YOUR OBJECTIVE
Of the entries below, restate word for word only the section that runs from the line with "by (simp add: expval_def qform_diff" to the line with "with povm_expval_sum_le[OF assms]", counting both ends.

DATASET EXTRACT
(* Bob's strategy (ancilla state psi, joint unitary U) sends the deposited state phi_alpha to a state
   whose components along phi_alpha and along the orthogonal phi_(alpha + pi/2) are vectors a(alpha),
   r(alpha) of Bob's system: Alice rejects with probability |r(alpha)|^2, and any effect E of Bob has
   probability <a, E a> + <r, E r>. Both vectors are quadratic in (cos alpha, sin alpha), hence
     a(alpha) = P + cos 2alpha X + sin 2alpha Y,    r(alpha) = Z + cos 2alpha Y - sin 2alpha X.
   With c = cos 2theta, s = sin 2theta, the accepted vectors are P + cX -+ sY for b = 0 and
   P - cX +- sY for b = 1: the pairs have the same spread 2sY, and their midpoints are 2c|X| apart.
   Differences of the rejected vectors give s|X| = O(sqrt p) and c|Y| = O(sqrt p) when Alice rejects
   with probability at most p, so by the parallelogram law and E0 + E1 <= I Bob guesses b with
   probability at most 1/2 + O(sqrt p / s). *)

section \<open>Norms and expectation values\<close>

lemma sum_lessThan_2: "(\<Sum>j<2. f j) = f 0 + f (1::nat)"
  by (simp add: numeral_2_eq_2)

definition vnorm :: "nat \<Rightarrow> (nat \<Rightarrow> complex) \<Rightarrow> real" where
  "vnorm d v = L2_set (\<lambda>k. cmod (v k)) {..<d}"

lemma vnorm_nonneg: "0 \<le> vnorm d v"
  by (simp add: vnorm_def L2_set_nonneg)

lemma vnorm_power2: "(vnorm d v)\<^sup>2 = (\<Sum>k<d. (cmod (v k))\<^sup>2)"
  by (simp add: vnorm_def L2_set_def sum_nonneg)

lemma unit_vec_iff_vnorm: "unit_vec d v \<longleftrightarrow> vnorm d v = 1"
  by (simp add: unit_vec_def vnorm_def L2_set_def)

lemma vnorm_add_le: "vnorm d (\<lambda>l. x l + y l) \<le> vnorm d x + vnorm d y"
proof -
  have "vnorm d (\<lambda>l. x l + y l) \<le> L2_set (\<lambda>k. cmod (x k) + cmod (y k)) {..<d}"
    unfolding vnorm_def by (rule L2_set_mono) (auto simp: norm_triangle_ineq)
  also have "\<dots> \<le> vnorm d x + vnorm d y"
    unfolding vnorm_def by (rule L2_set_triangle_ineq)
  finally show ?thesis .
qed

lemma vnorm_diff_le: "vnorm d (\<lambda>l. x l - y l) \<le> vnorm d x + vnorm d y"
  using vnorm_add_le[of d x "\<lambda>l. - y l"] by (simp add: vnorm_def)

lemma vnorm_scale: "vnorm d (\<lambda>l. of_real r * x l) = \<bar>r\<bar> * vnorm d x"
  by (simp add: vnorm_def norm_mult L2_set_right_distrib)

lemma vnorm_uminus: "vnorm d (\<lambda>l. - x l) = vnorm d x"
  by (simp add: vnorm_def)

lemma vnorm_half: "vnorm d (\<lambda>l. x l / 2) = vnorm d x / 2"
  using vnorm_scale[of d "1/2" x] by simp

lemma vnorm_eq_if_scaled_eq:
  assumes "\<And>l. of_real a * x l = of_real b * y l"
  shows "\<bar>a\<bar> * vnorm d x = \<bar>b\<bar> * vnorm d y"
  using assms by (simp flip: vnorm_scale)

definition sesq :: "nat \<Rightarrow> (nat \<Rightarrow> nat \<Rightarrow> complex) \<Rightarrow> (nat \<Rightarrow> complex) \<Rightarrow> (nat \<Rightarrow> complex) \<Rightarrow> complex" where
  "sesq d E x y = (\<Sum>k<d. \<Sum>l<d. cnj (x k) * E k l * y l)"

definition expval :: "nat \<Rightarrow> (nat \<Rightarrow> nat \<Rightarrow> complex) \<Rightarrow> (nat \<Rightarrow> complex) \<Rightarrow> real" where
  "expval d E v = Re (qform d E v)"

lemma expval_lincomb:
  "expval d E (\<lambda>l. of_real u * x l + of_real v * y l) =
     u\<^sup>2 * expval d E x + u * v * Re (sesq d E x y + sesq d E y x) + v\<^sup>2 * expval d E y"
proof -
  have "cnj (of_real u * x k + of_real v * y k) * E k l * (of_real u * x l + of_real v * y l)
     = of_real (u\<^sup>2) * (cnj (x k) * E k l * x l)
       + of_real (u * v) * (cnj (x k) * E k l * y l + cnj (y k) * E k l * x l)
       + of_real (v\<^sup>2) * (cnj (y k) * E k l * y l)" for k l
    by (simp add: algebra_simps power2_eq_square)
  then show ?thesis
    by (simp add: expval_def qform_def sesq_def sum.distrib sum_distrib_left distrib_left)
qed

lemma expval_parallelogram:
  "expval d E (\<lambda>l. x l + y l) + expval d E (\<lambda>l. x l - y l) = 2 * expval d E x + 2 * expval d E y"
  using expval_lincomb[of d E 1 x 1 y] expval_lincomb[of d E 1 x "-1" y] by simp

lemma expval_rotation:
  assumes "c\<^sup>2 + s\<^sup>2 = 1"
  shows "expval d E (\<lambda>l. of_real c * x l - of_real s * y l) + expval d E (\<lambda>l. of_real s * x l + of_real c * y l)
       = expval d E x + expval d E y"
proof -
  have "expval d E (\<lambda>l. of_real c * x l - of_real s * y l) + expval d E (\<lambda>l. of_real s * x l + of_real c * y l)
       = (c\<^sup>2 + s\<^sup>2) * (expval d E x + expval d E y)"
    using expval_lincomb[of d E c x "-s" y] expval_lincomb[of d E s x c y]
    by (simp add: algebra_simps power2_eq_square)
  with assms show ?thesis by simp
qed

lemma qform_diff: "qform d (\<lambda>k l. M k l - N k l) v = qform d M v - qform d N v"
  by (simp add: qform_def algebra_simps sum_subtractf)

lemma expval_identity: "expval d (\<lambda>k l. if k = l then 1 else 0) v = (vnorm d v)\<^sup>2"
proof -
  have "qform d (\<lambda>k l. if k = l then 1 else 0) v = (\<Sum>k<d. v k * cnj (v k))"
    by (simp add: qform_def if_distrib if_distribR sum.delta mult.commute cong: if_cong)
  also have "\<dots> = of_real ((vnorm d v)\<^sup>2)"
    by (simp add: vnorm_power2 of_real_sum flip: complex_norm_square)
  finally show ?thesis by (simp add: expval_def)
qed

section \<open>Effects\<close>

definition is_effect :: "nat \<Rightarrow> (nat \<Rightarrow> nat \<Rightarrow> complex) \<Rightarrow> bool" where
  "is_effect d E \<longleftrightarrow> (\<forall>v. 0 \<le> expval d E v \<and> expval d E v \<le> (vnorm d v)\<^sup>2)"

lemma povm_expval_sum_le:
  assumes "bob_povm d E0 E1"
  shows "expval d E0 v + expval d E1 v \<le> (vnorm d v)\<^sup>2"
proof -
  have "0 \<le> expval d (\<lambda>k l. (if k = l then 1 else 0) - E0 k l - E1 k l) v"
    using assms by (simp add: bob_povm_def psd_def expval_def)
  then show ?thesis
    by (simp add: expval_def qform_diff flip: expval_identity)
qed

lemma povm_is_effect:
  assumes "bob_povm d E0 E1"
  shows "is_effect d E0" "is_effect d E1"
proof -
  have nonneg: "0 \<le> expval d E0 v" "0 \<le> expval d E1 v" for v
    using assms by (simp_all add: bob_povm_def psd_def expval_def)
  with povm_expval_sum_le[OF assms] show "is_effect d E0" "is_effect d E1"
    unfolding is_effect_def by (metis add_increasing add_increasing2 order_trans order_refl)+
qed

lemma le_two_sqrt_mult_if_quadratic_bound:
  fixes S a b :: real
  assumes "0 \<le> a" "0 \<le> b" "\<And>t. t * S \<le> a + t\<^sup>2 * b"
  shows "S \<le> 2 * sqrt a * sqrt b"
proof (cases "b = 0")
  case True
  have "S \<le> 0"
  proof (rule ccontr)
    assume "\<not> S \<le> 0"
    then show False using assms(3)[of "(a + 1) / S"] True by simp
  qed
  moreover have "0 \<le> 2 * sqrt a * sqrt b" using assms by simp
  ultimately show ?thesis by linarith
next
  case False
  with assms have "b > 0" by simp
  have "(S / (2 * b)) * S \<le> a + (S / (2 * b))\<^sup>2 * b" by (rule assms(3))
  with \<open>b > 0\<close> have "S\<^sup>2 \<le> 4 * a * b" by (simp add: power2_eq_square field_simps)
  then have "sqrt (S\<^sup>2) \<le> sqrt (4 * a * b)" by (rule real_sqrt_le_mono)
  with assms show ?thesis by (simp add: real_sqrt_mult)
qed

lemma effect_cross_term_le:
  assumes "is_effect d E"
  shows "Re (sesq d E x y + sesq d E y x) \<le> 2 * vnorm d x * vnorm d y"
proof -
  let ?S = "Re (sesq d E x y + sesq d E y x)"
  have "t * ?S \<le> (vnorm d x)\<^sup>2 + t\<^sup>2 * (vnorm d y)\<^sup>2" for t
  proof -
    have "0 \<le> expval d E (\<lambda>l. of_real 1 * x l + of_real (- t) * y l)"
      using assms by (simp add: is_effect_def)
    also have "\<dots> = expval d E x - t * ?S + t\<^sup>2 * expval d E y"
      by (simp only: expval_lincomb) simp
    finally have "t * ?S \<le> expval d E x + t\<^sup>2 * expval d E y" by simp
    also have "\<dots> \<le> (vnorm d x)\<^sup>2 + t\<^sup>2 * (vnorm d y)\<^sup>2"
      using assms by (intro add_mono mult_left_mono) (auto simp: is_effect_def)
    finally show ?thesis .
  qed
  from le_two_sqrt_mult_if_quadratic_bound[OF _ _ this] show ?thesis
    by (simp add: vnorm_nonneg)
qed

lemma effect_expval_add_le:
  assumes "is_effect d E"
  shows "expval d E (\<lambda>l. x l + y l) \<le> expval d E x + 2 * vnorm d x * vnorm d y + (vnorm d y)\<^sup>2"
proof -
  have "expval d E (\<lambda>l. x l + y l) = expval d E x + Re (sesq d E x y + sesq d E y x) + expval d E y"
    using expval_lincomb[of d E 1 x 1 y] by simp
  moreover have "expval d E y \<le> (vnorm d y)\<^sup>2" using assms by (simp add: is_effect_def)
  ultimately show ?thesis using effect_cross_term_le[OF assms, of x y] by linarith
qed

lemma povm_four_vectors_le:
  assumes povm: "bob_povm d E0 E1"
    and norms: "vnorm d A \<le> 1" "vnorm d B \<le> 1" "vnorm d C \<le> 1" "vnorm d D \<le> 1"
    and gap: "\<And>l. B l - A l = C l - D l"
  shows "expval d E0 A + expval d E0 B + expval d E1 C + expval d E1 D
         \<le> 2 + (vnorm d (\<lambda>l. B l - A l))\<^sup>2 / 2 + 4 * vnorm d (\<lambda>l. A l + B l - C l - D l)"
proof -
  define M where "M = (\<lambda>l. (A l + B l) / 2)"
  define N where "N = (\<lambda>l. (C l + D l) / 2)"
  define H where "H = (\<lambda>l. (B l - A l) / 2)"
  define G where "G = (\<lambda>l. N l - M l)"
  have split: "A = (\<lambda>l. M l - H l)" "B = (\<lambda>l. M l + H l)"
      "C = (\<lambda>l. N l + H l)" "D = (\<lambda>l. N l - H l)" "N = (\<lambda>l. M l + G l)"
    using gap by (auto simp: fun_eq_iff M_def N_def H_def G_def field_simps) (metis distrib_right)+
  have nM: "vnorm d M \<le> 1"
    using vnorm_add_le[of d A B] norms unfolding M_def vnorm_half by linarith
  have nN: "vnorm d N \<le> 1"
    using vnorm_add_le[of d C D] norms unfolding N_def vnorm_half by linarith
  have nH: "(vnorm d H)\<^sup>2 = (vnorm d (\<lambda>l. B l - A l))\<^sup>2 / 4"
    unfolding H_def vnorm_half by (simp add: power_divide)
  have nG: "vnorm d G = vnorm d (\<lambda>l. A l + B l - C l - D l) / 2"
  proof -
    have "G = (\<lambda>l. - (A l + B l - C l - D l) / 2)"
      by (auto simp: fun_eq_iff G_def M_def N_def field_simps)
    then have "vnorm d G = vnorm d (\<lambda>l. - (A l + B l - C l - D l)) / 2"
      by (simp only: vnorm_half)
    then show ?thesis by (simp only: vnorm_uminus)
  qed
  have nG2: "vnorm d G \<le> 2"
    using vnorm_diff_le[of d N M] nM nN unfolding G_def by linarith
  have E0: "is_effect d E0" and E1: "is_effect d E1" using povm_is_effect[OF povm] .
  have "expval d E0 A + expval d E0 B = 2 * expval d E0 M + 2 * expval d E0 H"
    using expval_parallelogram[of d E0 M H] split by simp
  moreover have "expval d E1 C + expval d E1 D = 2 * expval d E1 N + 2 * expval d E1 H"
    using expval_parallelogram[of d E1 N H] split by simp
  moreover have "expval d E1 N \<le> expval d E1 M + 4 * vnorm d G"
  proof -
    have "expval d E1 N \<le> expval d E1 M + 2 * vnorm d M * vnorm d G + (vnorm d G)\<^sup>2"
      using effect_expval_add_le[OF E1, of M G] split(5) by simp
    moreover have "vnorm d M * vnorm d G \<le> vnorm d G" "(vnorm d G)\<^sup>2 \<le> 2 * vnorm d G"
      using mult_right_mono[OF nM vnorm_nonneg] mult_right_mono[OF nG2 vnorm_nonneg]
      by (simp_all add: power2_eq_square)
    ultimately show ?thesis by linarith
  qed
  moreover have "expval d E0 M + expval d E1 M \<le> 1"
    using povm_expval_sum_le[OF povm, of M] nM vnorm_nonneg[of d M]
    by (metis order_trans power_le_one)
  moreover have "expval d E0 H + expval d E1 H \<le> (vnorm d H)\<^sup>2"
    by (rule povm_expval_sum_le[OF povm])
  ultimately show ?thesis using nH nG by linarith
qed

section \<open>Bob's accepted and rejected vectors\<close>

lemma sin_double_le_cos_double:
  assumes "0 < \<theta>" "\<theta> \<le> pi/8"
  shows "0 < sin (2 * \<theta>)" "sin (2 * \<theta>) \<le> cos (2 * \<theta>)"
proof -
  show "0 < sin (2 * \<theta>)" using assms by (intro sin_gt_zero) auto
  have "sin (2 * \<theta>) \<le> sin (pi/4)" using assms by (intro sin_monotone_2pi_le) auto
  also have "\<dots> = cos (pi/4)" by (simp add: sin_45 cos_45)
  also have "\<dots> \<le> cos (2 * \<theta>)" using assms by (intro cos_monotone_0_pi_le) auto
  finally show "sin (2 * \<theta>) \<le> cos (2 * \<theta>)" .
qed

FINAL ANSWER
    by (simp add: expval_def qform_diff flip: expval_identity)
qed

lemma povm_is_effect:
  assumes "bob_povm d E0 E1"
  shows "is_effect d E0" "is_effect d E1"
proof -
  have nonneg: "0 \<le> expval d E0 v" "0 \<le> expval d E1 v" for v
    using assms by (simp_all add: bob_povm_def psd_def expval_def)
  with povm_expval_sum_le[OF assms] show "is_effect d E0" "is_effect d E1"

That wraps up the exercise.